- Territorial Commercial District
- U.S. National Register of Historic Places
- Location: Main St., Chouteau, Oklahoma
- Coordinates: 36°11′12″N 95°20′41″W﻿ / ﻿36.18667°N 95.34472°W
- Area: less than one acre
- Built: 1903
- NRHP reference No.: 83002093
- Added to NRHP: September 22, 1983

= Territorial Commercial District =

Historic district in Oklahoma, United States

The Territorial Commercial District in Chouteau, Oklahoma is a historic district along Main St. which was listed on the National Register of Historic Places in 1983. The listing included three contributing buildings.

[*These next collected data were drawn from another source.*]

theorem mainTheorem6:
  fixes U q :: real and ell m :: "nat \<Rightarrow> int"
  assumes "U > 0"
    and "\<And>L. real L > 8 / U \<Longrightarrow> 1 \<le> ell L \<and> ell L \<le> int L"
    and "\<And>L. real L > 8 / U \<Longrightarrow> real L / 2 \<le> real_of_int (m L - ell L)
                  \<and> real_of_int (m L - ell L) \<le> 3 * real L / 2 - 1"
    and "(\<lambda>L. real_of_int (m L - ell L) * pi / real L) \<longlonglongrightarrow> q"
    and "pi / 2 < q" and "q < 3 * pi / 2"
  shows "uniform_limit UNIV (\<lambda>L \<Lambda>. xi U L (ell L) (m L) \<Lambda>)
           (\<lambda>\<Lambda>. - arsinh (U / (4 * cos q))) sequentially"
proof -
  define c where "c L \<Lambda> = cos (of_int (m L) * pi / real L - qell U L (ell L) \<Lambda> / 2)" for L \<Lambda>
  define d where "d L \<Lambda> = (-1::real) powi (m L) * cos (qell U L (ell L) \<Lambda> * real L / 2)" for L \<Lambda>
  have large: "\<forall>\<^sub>F L in sequentially. 8 / U < real L"
    by (rule eventually_compose_filterlim[OF eventually_gt_at_top filterlim_real_sequentially])
  have "uniform_limit UNIV c (\<lambda>_. cos q) sequentially"
  proof (rule uniform_limit_near_tendsto)
    show "(\<lambda>L. cos (of_int (m L - ell L) * pi / real L)) \<longlonglongrightarrow> cos q"
      using assms(4) by (rule tendsto_cos)
    show "\<forall>\<^sub>F L in sequentially. \<forall>\<Lambda>\<in>UNIV. \<bar>c L \<Lambda> - cos (of_int (m L - ell L) * pi / real L)\<bar> \<le> pi / real L"
      using large by eventually_elim (use string_cos_bounds(2) assms(1,3) in \<open>auto simp: c_def\<close>)
  qed (rule lim_const_over_n)
  then have "uniform_limit UNIV (\<lambda>L \<Lambda>. - U / (4 * c L \<Lambda>)) (\<lambda>_. - U / (4 * cos q)) sequentially"
    using cos_lt_zero_pi[OF assms(5,6)]
    by (intro uniform_lim_divide[where b = "- 4 * cos q"] uniform_limit_intros) auto
  moreover have "0 < - U / (4 * cos q)"
    using cos_lt_zero_pi[OF assms(5,6)] assms(1) by (simp add: divide_pos_neg)
  moreover have "\<forall>\<^sub>F L in sequentially. \<forall>\<Lambda>\<in>UNIV. \<bar>d L \<Lambda>\<bar> \<le> 1 \<and> 0 < xi U L (ell L) (m L) \<Lambda>
      \<and> sinhL (real L) (d L \<Lambda>) (xi U L (ell L) (m L) \<Lambda>) = - U / (4 * c L \<Lambda>)"
    using large by eventually_elim
      (use xi_solves_sinhL_equation assms(1,3) in \<open>auto simp: c_def d_def abs_mult\<close>)
  ultimately have "uniform_limit UNIV (\<lambda>L \<Lambda>. xi U L (ell L) (m L) \<Lambda>)
      (\<lambda>_. arsinh (- U / (4 * cos q))) sequentially"
    by (rule uniform_limit_sinhL_solution)
  then show ?thesis by simp
qed

end
lemma wmult_hbar_degree_one_classical:
  assumes A: "supp_ok n A" and B: "supp_ok n B"
  shows "wmult n f g (A, B, 1) = mcoeff (classical n (hbar_div f) * classical n g +
    classical n f * classical n (hbar_div g) -
    (\<Sum>i<n. mderiv (i, True) (classical n f) * mderiv (i, False) (classical n g))) (A, B)"
  unfolding wmult_hbar_degree_one[OF A B]
  by (simp add: mcoeff_add mcoeff_diff mcoeff_sum mcoeff_classical_mult[OF A B] hbar_div_def
      mcoeff_mderiv_classical_mult[OF A B] case_prod_beta)

lemma wmult_comm_hbar_degree_one:
  assumes "supp_ok n A" "supp_ok n B"
  shows "wmult n f g (A, B, 1) - wmult n g f (A, B, 1) = mcoeff (poisson n (classical n f) (classical n g)) (A, B)"
  unfolding wmult_hbar_degree_one_classical[OF assms] mcoeff_diff[symmetric] poisson_def
  by (rule arg_cong[where f="\<lambda>P. mcoeff P (A, B)"])
     (simp add: algebra_simps sum_subtractf[symmetric] mult.commute)

lemma hbar_mult_hbar_div:
  assumes "f \<in> Dc n" and "classical n f = 0"
  shows "wmult n hbar (hbar_div f) = f"
proof
  fix t :: mono
  obtain A B M where t: "t = (A, B, M)" by (cases t)
  have "f (A, B, 0) = 0" if "supp_ok n A \<and> supp_ok n B"
    using arg_cong[OF assms(2), of "\<lambda>P. mcoeff P (A, B)"] that by (simp add: mcoeff_classical mcoeff_zero)
  then show "wmult n hbar (hbar_div f) t = f t"
    using assms(1) by (cases M) (auto simp: t wmult_hbar hbar_div_def Dc_def)
qed

lemma classical_add: "classical n (\<lambda>t. f t + g t) = classical n f + classical n g"
  by (rule mps_eqI) (simp add: classical.rep_eq mcoeff_add)

lemma classical_diff: "classical n (\<lambda>t. f t - g t) = classical n f - classical n g"
  by (rule mps_eqI) (simp add: classical.rep_eq mcoeff_diff)

lemma classical_sum: "classical n (\<lambda>t. \<Sum>i\<in>A. F i t) = (\<Sum>i\<in>A. classical n (F i))"
  by (rule mps_eqI) (auto simp: classical.rep_eq mcoeff_sum)

lemma classical_hbar_mult: "classical n (wmult n hbar h) = 0"
  by (rule mps_eqI) (simp add: classical.rep_eq mcoeff_zero wmult_hbar)

lemma classical_constc: "classical n (constc c) = mconst c"
  by (rule mps_eqI) (auto simp: classical.rep_eq mconst.rep_eq constc_def zero_prod_def zero_fun_def)

lemma classical_vemb: "classical n (vemb n v) = mps_of_vec n v"
proof (rule mps_eqI)
  fix u :: expo
  obtain a b where u: "u = (a, b)" by (cases u)
  have "mcoeff (mps_of_vec n v) u = (\<Sum>i<n. (if u = var_unit (i, False) then v i else 0) +
      (if u = var_unit (i, True) then v (n + i) else 0))"
    by (auto simp: mps_of_vec_def mcoeff_sum mcoeff_add mcoeff_mconst_mult mvar.rep_eq intro!: sum.cong)
  also have "\<dots> = vemb n v (a, b, 0)"
    by (simp add: u vemb_def var_unit_def zero_fun_def)
  also have "\<dots> = mcoeff (classical n (vemb n v)) u"
    using Dc_vemb[of n v] by (auto simp: u mcoeff_classical Dc_def)
  finally show "mcoeff (classical n (vemb n v)) u = mcoeff (mps_of_vec n v) u" ..
qed

lemma mps_supported_classical: "mps_supported n (classical n f)"
  by (auto simp: mps_supported_def classical.rep_eq split: if_splits)

lemma commutator_hbar_div:
  "wmult n hbar (hbar_div (\<lambda>t. wmult n f g t - wmult n g f t)) = (\<lambda>t. wmult n f g t - wmult n g f t)"
  by (rule hbar_mult_hbar_div)
     (auto intro!: Dc_diff wmult_in_Dc mps_eqI
       simp: classical.rep_eq mcoeff_zero wmult_comm_hbar_degree_zero)

lemma classical_commutator_hbar_div:
  "classical n (hbar_div (\<lambda>t. wmult n f g t - wmult n g f t)) = poisson n (classical n f) (classical n g)"
proof (rule mps_eqI)
  fix u :: expo
  obtain A B where u: "u = (A, B)" by (cases u)
  have "mcoeff (poisson n (classical n f) (classical n g)) (A, B) = 0" if "\<not> (supp_ok n A \<and> supp_ok n B)"
    using mps_supported_poisson[OF mps_supported_classical mps_supported_classical, of n f g] that
    unfolding mps_supported_def by auto
  then show "mcoeff (classical n (hbar_div (\<lambda>t. wmult n f g t - wmult n g f t))) u =
      mcoeff (poisson n (classical n f) (classical n g)) u"
    using wmult_comm_hbar_degree_one[of n A B f g] by (auto simp: u mcoeff_classical hbar_div_def)
qed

It consists of three side-by-side brick buildings, all built in 1903. They all have flat roofs and parapets, and they share common walls between them. All three have pilasters separating storefronts or accentuating corners. They are:
- the Gray and Atkins Merchantile Store (1903), two-stories tall, which has two-story pilasters, and has semi-elliptical and round arches over doorways and some window openings, and a somewhat projecting cornice;
- Will Crockett's General Store (1903), a one-story building;
- Griffin's Grocery and Chofceau Cafe (1903), two-stories tall, also with a somewhat projecting cornice and two-story pilasters, and some semi-elliptical arches over window openings on its west side.